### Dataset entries
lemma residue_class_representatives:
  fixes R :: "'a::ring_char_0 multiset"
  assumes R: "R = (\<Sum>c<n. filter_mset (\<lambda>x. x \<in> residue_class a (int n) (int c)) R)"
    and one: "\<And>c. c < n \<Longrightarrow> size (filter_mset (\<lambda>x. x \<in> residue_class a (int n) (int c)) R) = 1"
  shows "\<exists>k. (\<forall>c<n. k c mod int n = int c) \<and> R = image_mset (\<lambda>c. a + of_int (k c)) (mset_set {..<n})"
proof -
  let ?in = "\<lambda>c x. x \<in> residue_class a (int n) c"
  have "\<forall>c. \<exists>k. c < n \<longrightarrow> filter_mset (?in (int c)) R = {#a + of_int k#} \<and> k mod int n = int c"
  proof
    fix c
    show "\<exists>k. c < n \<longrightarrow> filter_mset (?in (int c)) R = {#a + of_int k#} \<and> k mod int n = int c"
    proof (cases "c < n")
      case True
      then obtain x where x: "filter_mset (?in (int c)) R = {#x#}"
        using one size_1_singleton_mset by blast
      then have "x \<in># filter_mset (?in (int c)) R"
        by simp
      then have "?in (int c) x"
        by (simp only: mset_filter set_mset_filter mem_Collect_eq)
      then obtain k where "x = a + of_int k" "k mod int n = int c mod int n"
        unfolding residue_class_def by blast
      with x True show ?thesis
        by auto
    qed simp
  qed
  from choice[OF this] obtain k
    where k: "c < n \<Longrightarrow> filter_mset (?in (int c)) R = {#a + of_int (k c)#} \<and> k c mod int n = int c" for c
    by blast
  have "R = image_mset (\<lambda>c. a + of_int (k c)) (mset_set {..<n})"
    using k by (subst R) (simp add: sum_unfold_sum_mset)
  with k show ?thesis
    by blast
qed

### Task objective
What is needed is an exact retyping of every line from the one containing "using one size_1_singleton_mset" through the final line of the entries, and only those lines.

### Written solution
        using one size_1_singleton_mset by blast
      then have "x \<in># filter_mset (?in (int c)) R"
        by simp
      then have "?in (int c) x"
        by (simp only: mset_filter set_mset_filter mem_Collect_eq)
      then obtain k where "x = a + of_int k" "k mod int n = int c mod int n"
        unfolding residue_class_def by blast
      with x True show ?thesis
        by auto
    qed simp
  qed
  from choice[OF this] obtain k
    where k: "c < n \<Longrightarrow> filter_mset (?in (int c)) R = {#a + of_int (k c)#} \<and> k c mod int n = int c" for c
    by blast
  have "R = image_mset (\<lambda>c. a + of_int (k c)) (mset_set {..<n})"
    using k by (subst R) (simp add: sum_unfold_sum_mset)
  with k show ?thesis
    by blast
qed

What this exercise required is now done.